Basic bricks: MolData and MetaSet

Data structure MolData is the basic brick of the dataset. It holds embeds, coords and forces of certain number of frames for a single molecule. .sub_sample: method for performing indexing on the frames.

class mlcg.datasets.MolData(name, embeds, coords, forces, weights=None, exclusion_pairs=None)[source]

Data-holder for coordinates, forces and embedding vector of a molecule, e.g., opep_0000.

Parameters:
  • name (str) – Name of the molecule

  • embeds (ndarray) – Type embeddings for each atom, of shape (n_atoms,)

  • coords (ndarray) – Cartesian coordinates of the molecule, of shape (n_frames, n_atoms, 3)

  • forces (ndarray) – Cartesian forces of the molecule, of shape (n_frames, n_atoms, 3)

Data strcuture Metaset holds multiple molecules and joins their frame indices together. One can access frames of underlying MolData objects with a continuous index. The idea is that the molecules in a Metaset have similar numbers of CG beads, such that the sample requires similar processing time when passing through a neural network. When this rule is enforced, it will allow automatic balancing of batch composition during training and validation.

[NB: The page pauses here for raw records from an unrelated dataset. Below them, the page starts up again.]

(* Let $\mathcal{S}=\{s_1,\dots,s_N\}$ be a finite state space, $\mathcal{A}$ a finite action space, $\gamma\in(0,1)$, and consider the real MDP $\langle\mathcal{S},\mathcal{A},\mathbb{P},R,\gamma\rangle$ and the DT MDP $\langle\mathcal{S},\mathcal{A},\mathbb{P}',R',\gamma\rangle$. Then for every deterministic policy $\pi:\mathcal{S}\to\mathcal{A}$, $$\|V^*_{\mathrm{real}}-V^\pi_{\mathrm{real}}\|\le\frac{2}{1-\gamma}\max_i\bar d(s_i,s_i)+\frac{1+\gamma}{1-\gamma}\|V^*_{\mathrm{DT}}-V^\pi_{\mathrm{DT}}\|.$$
   Context: $\mathbb{P}(\cdot|s,a),\mathbb{P}'(\cdot|s,a)$ are probability distributions on $\mathcal{S}$; $R,R':\mathcal{S}\times\mathcal{A}\to\mathbb{R}$. $V^\pi_{\mathrm{real}}$ is the unique solution of $V(s)=R(s,\pi(s))+\gamma\sum_{\tilde s}\mathbb{P}(\tilde s|s,\pi(s))V(\tilde s)$, $V^*_{\mathrm{real}}$ the unique solution of $V(s)=\max_a\{R(s,a)+\gamma\sum_{\tilde s}\mathbb{P}(\tilde s|s,a)V(\tilde s)\}$; $V^\pi_{\mathrm{DT}},V^*_{\mathrm{DT}}$ analogously with $\mathbb{P}',R'$. $\|V^*_{\mathrm{real}}-V^\pi_{\mathrm{real}}\|=\max_i\{V^*_{\mathrm{real}}(s_i)-V^\pi_{\mathrm{real}}(s_i)\}$, similarly for DT. For distributions $P,Q$ on $\mathcal{S}$ and a cost $d:\mathcal{S}\times\mathcal{S}\to[0,\infty)$ (not required to vanish on the diagonal; first argument a real-MDP state, second a DT-MDP state), $W_1(P,Q;d)=\min_\Lambda\sum_{i,j}\lambda_{i,j}d(s_i,s_j)$ over nonnegative $N\times N$ matrices with row sums $P(s_i)$ and column sums $Q(s_j)$. Define $d_0\equiv0$, $d_n(s_i,s_j)=\max_a\{|R(s_i,a)-R'(s_j,a)|+\gamma W_1(\mathbb{P}(\cdot|s_i,a),\mathbb{P}'(\cdot|s_j,a);d_{n-1})\}$; the DT bisimulation metric $\bar d$ is the pointwise limit of the nondecreasing sequence $(d_n)$, and it satisfies $\bar d(s_i,s_j)=\max_a\{|R(s_i,a)-R'(s_j,a)|+\gamma W_1(\mathbb{P}(\cdot|s_i,a),\mathbb{P}'(\cdot|s_j,a);\bar d)\}$. *)

theory Defs
  imports "HOL-Analysis.Analysis"
begin

text \<open>A transition kernel is P :: 's \<Rightarrow> 'a \<Rightarrow> 's \<Rightarrow> real, P s a s' = P(s' | s, a).\<close>

definition stochastic :: "('s::finite \<Rightarrow> 'a \<Rightarrow> 's \<Rightarrow> real) \<Rightarrow> bool" where
  "stochastic P \<longleftrightarrow> (\<forall>s a s'. P s a s' \<ge> 0) \<and> (\<forall>s a. (\<Sum>s'\<in>UNIV. P s a s') = 1)"

definition V_pi :: "('s::finite \<Rightarrow> 'a \<Rightarrow> 's \<Rightarrow> real) \<Rightarrow> ('s \<Rightarrow> 'a \<Rightarrow> real) \<Rightarrow> real
    \<Rightarrow> ('s \<Rightarrow> 'a) \<Rightarrow> 's \<Rightarrow> real" where
  "V_pi P R \<gamma> \<pi> = (THE V. \<forall>s. V s = R s (\<pi> s) + \<gamma> * (\<Sum>t\<in>UNIV. P s (\<pi> s) t * V t))"

definition V_star :: "('s::finite \<Rightarrow> 'a::finite \<Rightarrow> 's \<Rightarrow> real) \<Rightarrow> ('s \<Rightarrow> 'a \<Rightarrow> real) \<Rightarrow> real
    \<Rightarrow> 's \<Rightarrow> real" where
  "V_star P R \<gamma> = (THE V. \<forall>s. V s = Max (range (\<lambda>a. R s a + \<gamma> * (\<Sum>t\<in>UNIV. P s a t * V t))))"

text \<open>The gap norm ||V1 - V2|| = max_i (V1 s_i - V2 s_i).\<close>
definition gap :: "('s::finite \<Rightarrow> real) \<Rightarrow> ('s \<Rightarrow> real) \<Rightarrow> real" where
  "gap V1 V2 = Max (range (\<lambda>s. V1 s - V2 s))"

text \<open>Wasserstein-1 distance with cost d: minimum over couplings (minimum is attained).\<close>
definition W1 :: "('s::finite \<Rightarrow> real) \<Rightarrow> ('s \<Rightarrow> real) \<Rightarrow> ('s \<Rightarrow> 's \<Rightarrow> real) \<Rightarrow> real" where
  "W1 p q d = Inf {(\<Sum>i\<in>UNIV. \<Sum>j\<in>UNIV. L i j * d i j) | L.
      (\<forall>i j. L i j \<ge> 0) \<and> (\<forall>i. (\<Sum>j\<in>UNIV. L i j) = p i) \<and> (\<forall>j. (\<Sum>i\<in>UNIV. L i j) = q j)}"

fun d_iter :: "('s::finite \<Rightarrow> 'a::finite \<Rightarrow> 's \<Rightarrow> real) \<Rightarrow> ('s \<Rightarrow> 'a \<Rightarrow> real)
    \<Rightarrow> ('s \<Rightarrow> 'a \<Rightarrow> 's \<Rightarrow> real) \<Rightarrow> ('s \<Rightarrow> 'a \<Rightarrow> real) \<Rightarrow> real \<Rightarrow> nat \<Rightarrow> 's \<Rightarrow> 's \<Rightarrow> real" where
  "d_iter P R P' R' \<gamma> 0 = (\<lambda>_ _. 0)"
| "d_iter P R P' R' \<gamma> (Suc n) = (\<lambda>si sj. Max (range (\<lambda>a.
      \<bar>R si a - R' sj a\<bar> + \<gamma> * W1 (P si a) (P' sj a) (d_iter P R P' R' \<gamma> n))))"

definition d_bar :: "('s::finite \<Rightarrow> 'a::finite \<Rightarrow> 's \<Rightarrow> real) \<Rightarrow> ('s \<Rightarrow> 'a \<Rightarrow> real)
    \<Rightarrow> ('s \<Rightarrow> 'a \<Rightarrow> 's \<Rightarrow> real) \<Rightarrow> ('s \<Rightarrow> 'a \<Rightarrow> real) \<Rightarrow> real \<Rightarrow> 's \<Rightarrow> 's \<Rightarrow> real" where
  "d_bar P R P' R' \<gamma> si sj = lim (\<lambda>n. d_iter P R P' R' \<gamma> n si sj)"

end

theory Submission
  imports Defs
begin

  • .create_from_hdf5_group: initiate a Metaset by loading data from given HDF-group.mol_list, detailed_indices, hdf_key_mapping, stride and parallel can control which subset is loaded to the Metaset (details see the description of “H5Dataset”)

  • .trim_down_to: drop frames of underlying for obtaining a subset with desired number of frames. The indices of frames to be dropped are controlled by a random number generator. When the parameter “random_seed” and the MolData order and number of frames are the same, the frames to be dropped will be reproducible.

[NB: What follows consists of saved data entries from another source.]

(* Let $A \in \mathbb{R}^{m \times r}$, $b \in \mathbb{R}^m$, $P = \{ x \in \mathbb{R}^r \mid Ax \ge b\}$, $C^r = \{ x \in \mathbb{R}^r \mid Ax \ge 0\}$, and \[ \tilde C = \{ (x, \xi, Ax - \xi b) \in \mathbb{R}^{r+1+m} \mid \xi \ge 0 \text{ and } Ax - \xi b \ge 0\}. \] Then: (1) for nonzero $x \in C^r$, $x$ is conformally non-decomposable in $C^r$ if and only if $(x, 0, Ax)$ is conformally non-decomposable in $\tilde C$; (2) for $x \in P$, $x$ is convex-conformally non-decomposable in $P$ if and only if $(x, 1, Ax - b)$ is conformally non-decomposable in $\tilde C$.
   Context: For $x \in \mathbb{R}^n$, $\operatorname{sign}(x) \in \{-,0,+\}^n$ is obtained by applying the sign function componentwise; the relations $0<-$, $0<+$ induce a componentwise partial order on $\{-,0,+\}^n$. For a convex cone $K$, a nonzero $x \in K$ is conformally non-decomposable in $K$ if for all nonzero $x^1,x^2 \in K$ with $\operatorname{sign}(x^1),\operatorname{sign}(x^2) \le \operatorname{sign}(x)$, $x = x^1 + x^2$ implies $x^1 = \lambda x^2$ for some $\lambda > 0$. A vector $x \in P$ is convex-conformally non-decomposable in $P$ if for all $x^1,x^2 \in P$ with $\operatorname{sign}(x^1),\operatorname{sign}(x^2) \le \operatorname{sign}(x)$ and all $0<\lambda<1$, $x = \lambda x^1 + (1-\lambda)x^2$ implies $x^1 = x^2$. *)

theory Defs
  imports "HOL-Analysis.Analysis"
begin

text \<open>Componentwise sign order: sign(x) \<le> sign(y), where 0 < - and 0 < +.
  Components are the coordinates w.r.t. the standard basis (for products of
  spaces, the concatenated coordinates).\<close>
definition sign_le :: "'a::euclidean_space \<Rightarrow> 'a \<Rightarrow> bool" where
  "sign_le x y \<longleftrightarrow> (\<forall>i\<in>Basis. sgn (x \<bullet> i) = 0 \<or> sgn (x \<bullet> i) = sgn (y \<bullet> i))"
(* Let $k\ge 1$, $n=2k$, and let $C=(c_{ij})$ be a symmetric $n\times n$ relaxed Van der Veen matrix, i.e. \[ c_{j+1,j}+c_{lm}-c_{jl}-c_{j+1,m}\le 0 \] for all $j,l,m$ with $1\le j<j+1<l\le n$, $j+1<m\le n$, $j\equiv m \pmod 2$ and $j+1\equiv l\pmod 2$. Then the even-odd BTSP with distance matrix $C$ is pyramidally solvable, i.e. there is an optimal feasible tour which is pyramidal.
   Context: A tour on $\{1,\ldots,n\}$ is a cyclic permutation $\tau$ of $\{1,\ldots,n\}$; its length is $c(\tau)=\sum_{i=1}^n c_{i\tau(i)}$. In the bipartite TSP (BTSP), given a symmetric $n\times n$ matrix $C$ ($n=2k$) and a partition of the cities into $K_1,K_2$ with $|K_1|=|K_2|=k$, a feasible tour is a tour $\tau$ such that $\tau(i),\tau^{-1}(i)\in K_2$ for all $i\in K_1$ and $\tau(i),\tau^{-1}(i)\in K_1$ for all $i\in K_2$; the goal is a feasible tour of minimum length. The even-odd BTSP is the case $K_1=\{1,3,\ldots,2k-1\}$ and $K_2=\{2,4,\ldots,2k\}$. A tour $\tau=\langle 1,\tau_2,\ldots,\tau_m,n,\tau_{m+2},\ldots,\tau_{n},1\rangle$ (the cyclic sequence of visited cities starting at city 1) is pyramidal if $1<\tau_2<\cdots<\tau_m<n$ and $n>\tau_{m+2}>\cdots>\tau_{n}>1$. An instance is pyramidally solvable if an optimal solution can be found within the set of pyramidal tours. *)

theory Defs
  imports Complex_Main "HOL-Combinatorics.Permutations"
begin

text \<open>Cities are 1..n; a matrix is a function nat => nat => real (only entries in {1..n} matter).\<close>

definition is_tour :: "nat \<Rightarrow> (nat \<Rightarrow> nat) \<Rightarrow> bool" where
  "is_tour n \<tau> \<longleftrightarrow> \<tau> permutes {1..n} \<and>
     (\<forall>i\<in>{1..n}. \<forall>j\<in>{1..n}. \<exists>m. (\<tau> ^^ m) i = j)"

definition tour_length :: "(nat \<Rightarrow> nat \<Rightarrow> real) \<Rightarrow> nat \<Rightarrow> (nat \<Rightarrow> nat) \<Rightarrow> real" where
  "tour_length C n \<tau> = (\<Sum>i=1..n. C i (\<tau> i))"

  • len() (__len__): return total number of samples

  • [] (__get_item__): infer the molecule and get the corresponding frame according to the given unified index. Return value is grouped by an AtomicData object.

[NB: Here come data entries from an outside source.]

(* Let $S$ be a semigroup with a subsemigroup $T$ such that $S\setminus T$ is an ideal of $S$. (1) If $S$ is right ideal Howson then so is $T$. (2) If moreover $S\setminus T$ is finite, then $S$ is right ideal Howson if and only if $T$ is right ideal Howson.
   Context: A semigroup $S$ is right ideal Howson if the intersection of any two finitely generated right ideals of $S$ is finitely generated, where a right ideal $I$ is finitely generated if $I=XS^1$ for a finite $X\subseteq I$ ($S^1$ being $S$ if $S$ is a monoid and otherwise $S$ with an identity adjoined). *)

theory Defs
  imports Main
begin

definition semigroup_on :: "'a set \<Rightarrow> ('a \<Rightarrow> 'a \<Rightarrow> 'a) \<Rightarrow> bool" where
  "semigroup_on S f \<longleftrightarrow>
     (\<forall>x\<in>S. \<forall>y\<in>S. f x y \<in> S) \<and>
     (\<forall>x\<in>S. \<forall>y\<in>S. \<forall>z\<in>S. f (f x y) z = f x (f y z))"

definition subsemigroup :: "'a set \<Rightarrow> 'a set \<Rightarrow> ('a \<Rightarrow> 'a \<Rightarrow> 'a) \<Rightarrow> bool" where
  "subsemigroup T S f \<longleftrightarrow> T \<subseteq> S \<and> (\<forall>x\<in>T. \<forall>y\<in>T. f x y \<in> T)"

definition right_ideal :: "'a set \<Rightarrow> ('a \<Rightarrow> 'a \<Rightarrow> 'a) \<Rightarrow> 'a set \<Rightarrow> bool" where
  "right_ideal S f I \<longleftrightarrow> I \<subseteq> S \<and> (\<forall>x\<in>I. \<forall>s\<in>S. f x s \<in> I)"

definition ideal_of :: "'a set \<Rightarrow> ('a \<Rightarrow> 'a \<Rightarrow> 'a) \<Rightarrow> 'a set \<Rightarrow> bool" where
  "ideal_of S f I \<longleftrightarrow> I \<subseteq> S \<and> (\<forall>x\<in>I. \<forall>s\<in>S. f x s \<in> I \<and> f s x \<in> I)"

text \<open>X S^1 = X \<union> X S (this is also correct when S is a monoid, since then X \<subseteq> X S).\<close>
definition gen_right_ideal :: "'a set \<Rightarrow> ('a \<Rightarrow> 'a \<Rightarrow> 'a) \<Rightarrow> 'a set \<Rightarrow> 'a set" where
  "gen_right_ideal S f X = X \<union> {f x s | x s. x \<in> X \<and> s \<in> S}"

definition fg_right_ideal :: "'a set \<Rightarrow> ('a \<Rightarrow> 'a \<Rightarrow> 'a) \<Rightarrow> 'a set \<Rightarrow> bool" where
  "fg_right_ideal S f I \<longleftrightarrow> right_ideal S f I \<and>
     (\<exists>X. finite X \<and> X \<subseteq> I \<and> I = gen_right_ideal S f X)"

definition right_ideal_Howson :: "'a set \<Rightarrow> ('a \<Rightarrow> 'a \<Rightarrow> 'a) \<Rightarrow> bool" where
  "right_ideal_Howson S f \<longleftrightarrow>
     (\<forall>I J. fg_right_ideal S f I \<and> fg_right_ideal S f J \<longrightarrow> fg_right_ideal S f (I \<inter> J))"

end

theory Submission
  imports Defs
begin

text \<open>Since \<open>S - T\<close> is an ideal, a product \<open>x s\<close> with \<open>x, s \<in> S\<close> lies in \<open>T\<close> only if
  \<open>x, s \<in> T\<close>; hence \<open>X S\<^sup>1 \<inter> T = (X \<inter> T) T\<^sup>1\<close>. Every finitely generated right ideal of \<open>T\<close>
  is thus the trace on \<open>T\<close> of a finitely generated right ideal of \<open>S\<close>, and traces of finitely
  generated right ideals of \<open>S\<close> are finitely generated in \<open>T\<close>; this transfers the Howson
  property from \<open>S\<close> to \<open>T\<close>. Conversely, a right ideal of \<open>S\<close> is generated by a generating set
  of its trace on \<open>T\<close> together with its part outside \<open>T\<close>, which is finite when \<open>S - T\<close> is.\<close>

lemma gen_right_ideal_superset: "X \<subseteq> gen_right_ideal S f X"
  unfolding gen_right_ideal_def by (rule Un_upper1)

lemma right_ideal_Int:
  "right_ideal S f I \<Longrightarrow> right_ideal S f J \<Longrightarrow> right_ideal S f (I \<inter> J)"
  unfolding right_ideal_def by blast

lemma right_ideal_gen_right_ideal:
  assumes S: "semigroup_on S f" and X: "X \<subseteq> S"
  shows "right_ideal S f (gen_right_ideal S f X)"
  unfolding right_ideal_def
proof (intro conjI ballI)
  show "gen_right_ideal S f X \<subseteq> S"
    using S X unfolding gen_right_ideal_def semigroup_on_def by blast
next
  fix y s assume y: "y \<in> gen_right_ideal S f X" and s: "s \<in> S"
  show "f y s \<in> gen_right_ideal S f X"
  proof (cases "y \<in> X")
    case True
    then show ?thesis using s unfolding gen_right_ideal_def by blast
  next
    case False
    then obtain x t where y_eq: "y = f x t" and "x \<in> X" "t \<in> S"
      using y unfolding gen_right_ideal_def by blast
    moreover from \<open>x \<in> X\<close> \<open>t \<in> S\<close> have "f y s = f x (f t s)" "f t s \<in> S"
      using S X s y_eq unfolding semigroup_on_def by blast+
    ultimately show ?thesis unfolding gen_right_ideal_def by blast
  qed
qed

lemma fg_right_ideal_gen_right_ideal:
  assumes "semigroup_on S f" "finite X" "X \<subseteq> S"
  shows "fg_right_ideal S f (gen_right_ideal S f X)"
  unfolding fg_right_ideal_def
  using assms right_ideal_gen_right_ideal[OF assms(1,3)] gen_right_ideal_superset[of X S f]
  by blast

lemma gen_right_ideal_Int_subsemigroup:
  assumes T: "subsemigroup T S f" and ideal: "ideal_of S f (S - T)" and X: "X \<subseteq> S"
  shows "gen_right_ideal S f X \<inter> T = gen_right_ideal T f (X \<inter> T)"
proof
  show "gen_right_ideal S f X \<inter> T \<subseteq> gen_right_ideal T f (X \<inter> T)"
  proof
    fix y assume y: "y \<in> gen_right_ideal S f X \<inter> T"
    show "y \<in> gen_right_ideal T f (X \<inter> T)"
    proof (cases "y \<in> X")
      case True
      then show ?thesis using y unfolding gen_right_ideal_def by auto
    next
      case False
      then obtain x s where "y = f x s" "x \<in> X" "s \<in> S"
        using y unfolding gen_right_ideal_def by auto
      moreover from this have "x \<in> T" "s \<in> T"
        using ideal X y unfolding ideal_of_def by auto
      ultimately show ?thesis unfolding gen_right_ideal_def by auto
    qed
  qed
next
  show "gen_right_ideal T f (X \<inter> T) \<subseteq> gen_right_ideal S f X \<inter> T"
    using T unfolding gen_right_ideal_def subsemigroup_def by blast
qed

lemma fg_right_ideal_Int_subsemigroup:
  assumes T: "subsemigroup T S f" and ideal: "ideal_of S f (S - T)"
    and I: "fg_right_ideal S f I"
  shows "fg_right_ideal T f (I \<inter> T)"
proof -
  obtain X where X: "finite X" "X \<subseteq> I" "I = gen_right_ideal S f X" and "right_ideal S f I"
    using I unfolding fg_right_ideal_def by blast
  then have "X \<subseteq> S" "right_ideal T f (I \<inter> T)"
    using T unfolding right_ideal_def subsemigroup_def by blast+
  moreover have "I \<inter> T = gen_right_ideal T f (X \<inter> T)"
    using gen_right_ideal_Int_subsemigroup[OF T ideal \<open>X \<subseteq> S\<close>] X(3) by simp
  ultimately show ?thesis
    unfolding fg_right_ideal_def using X(1,2) by blast
qed

lemma fg_right_ideal_subsemigroup_extends:
  assumes S: "semigroup_on S f" and T: "subsemigroup T S f" and ideal: "ideal_of S f (S - T)"
    and I: "fg_right_ideal T f I"
  obtains I' where "fg_right_ideal S f I'" "I = I' \<inter> T"
proof -
  obtain X where X: "finite X" "X \<subseteq> I" "I = gen_right_ideal T f X" and "right_ideal T f I"
    using I unfolding fg_right_ideal_def by blast
  then have "X \<subseteq> T" unfolding right_ideal_def by blast
  with T have "X \<subseteq> S" unfolding subsemigroup_def by blast
  have "I = gen_right_ideal S f X \<inter> T"
    using gen_right_ideal_Int_subsemigroup[OF T ideal \<open>X \<subseteq> S\<close>] X(3) \<open>X \<subseteq> T\<close>
    by (simp add: Int_absorb2)
  with fg_right_ideal_gen_right_ideal[OF S X(1) \<open>X \<subseteq> S\<close>] show thesis by (rule that)
qed

lemma fg_right_ideal_if_fg_Int_subsemigroup:
  assumes T: "subsemigroup T S f" and I: "right_ideal S f I"
    and I_T: "fg_right_ideal T f (I \<inter> T)" and fin: "finite (I - T)"
  shows "fg_right_ideal S f I"
proof -
  obtain Z where Z: "finite Z" "Z \<subseteq> I \<inter> T" "I \<inter> T = gen_right_ideal T f Z"
    using I_T unfolding fg_right_ideal_def by blast
  define W where "W = Z \<union> (I - T)"
  have "W \<subseteq> I" unfolding W_def using Z(2) by blast
  have "I = gen_right_ideal S f W"
  proof
    show "gen_right_ideal S f W \<subseteq> I"
      using \<open>W \<subseteq> I\<close> I unfolding gen_right_ideal_def right_ideal_def by blast
    show "I \<subseteq> gen_right_ideal S f W"
    proof
      fix y assume "y \<in> I"
      show "y \<in> gen_right_ideal S f W"
      proof (cases "y \<in> T")
        case True
        then have "y \<in> gen_right_ideal T f Z" using Z(3) \<open>y \<in> I\<close> by blast
        then show ?thesis
          using T unfolding gen_right_ideal_def W_def subsemigroup_def by blast
      next
        case False
        then show ?thesis using \<open>y \<in> I\<close> unfolding gen_right_ideal_def W_def by blast
      qed
    qed
  qed
  moreover have "finite W" unfolding W_def using Z(1) fin by simp
  ultimately show ?thesis
    unfolding fg_right_ideal_def using I \<open>W \<subseteq> I\<close> by blast
qed

lemma right_ideal_Howson_subsemigroup:
  assumes S: "semigroup_on S f" and T: "subsemigroup T S f" and ideal: "ideal_of S f (S - T)"
    and howson: "right_ideal_Howson S f"
  shows "right_ideal_Howson T f"
  unfolding right_ideal_Howson_def
proof (intro allI impI, elim conjE)
  fix I J assume I: "fg_right_ideal T f I" and J: "fg_right_ideal T f J"
  obtain I' where I': "fg_right_ideal S f I'" "I = I' \<inter> T"
    using fg_right_ideal_subsemigroup_extends[OF S T ideal I] .
  obtain J' where J': "fg_right_ideal S f J'" "J = J' \<inter> T"
    using fg_right_ideal_subsemigroup_extends[OF S T ideal J] .
  have "fg_right_ideal S f (I' \<inter> J')"
    using howson I'(1) J'(1) unfolding right_ideal_Howson_def by blast
  from fg_right_ideal_Int_subsemigroup[OF T ideal this]
  show "fg_right_ideal T f (I \<inter> J)"
    using I'(2) J'(2) by (simp add: Int_ac)
qed

lemma right_ideal_Howson_from_subsemigroup:
  assumes T: "subsemigroup T S f" and ideal: "ideal_of S f (S - T)"
    and fin: "finite (S - T)" and howson: "right_ideal_Howson T f"
  shows "right_ideal_Howson S f"
  unfolding right_ideal_Howson_def
proof (intro allI impI, elim conjE)
  fix I J assume I: "fg_right_ideal S f I" and J: "fg_right_ideal S f J"
  have IJ: "right_ideal S f (I \<inter> J)"
    using I J right_ideal_Int unfolding fg_right_ideal_def by blast
  moreover have "fg_right_ideal T f (I \<inter> T \<inter> (J \<inter> T))"
    using howson fg_right_ideal_Int_subsemigroup[OF T ideal I]
      fg_right_ideal_Int_subsemigroup[OF T ideal J]
    unfolding right_ideal_Howson_def by blast
  then have "fg_right_ideal T f (I \<inter> J \<inter> T)"
    by (simp add: Int_ac)
  moreover have "finite (I \<inter> J - T)"
    using IJ fin finite_subset unfolding right_ideal_def by (metis Diff_mono order_refl)
  ultimately show "fg_right_ideal S f (I \<inter> J)"
    by (rule fg_right_ideal_if_fg_Int_subsemigroup[OF T])
qed

theorem mainTheorem18:
  fixes S T :: "'a set" and f :: "'a \<Rightarrow> 'a \<Rightarrow> 'a"
  assumes "semigroup_on S f"
    and "subsemigroup T S f"
    and "ideal_of S f (S - T)"
  shows "(right_ideal_Howson S f \<longrightarrow> right_ideal_Howson T f) \<and>
         (finite (S - T) \<longrightarrow> (right_ideal_Howson S f \<longleftrightarrow> right_ideal_Howson T f))"
  using right_ideal_Howson_subsemigroup[OF assms]
    right_ideal_Howson_from_subsemigroup[OF assms(2,3)] by blast

end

class mlcg.datasets.MetaSet(name)[source]

Set of MolData instances for molecules with similar characterstics

Parameters:

name – Name of the metaset

Train test split: Partition

Data structure Partition can hold multiple Metaset for training and validation purposes. Its main function is to automatic adjust (subsample) the Metaset(s) and the underlying MolData to form a balanced data source, from which a certain number of batches can be drawn. Each batch will contain a pre-given number of samples from each Metaset. One or several Partition``s can be created to load part of the same HDF5 file into the memory. The exact content inside a ``Partition object is controlled by the partition_options as a parameter for initializing a H5Dataset.

class mlcg.datasets.Partition(name)[source]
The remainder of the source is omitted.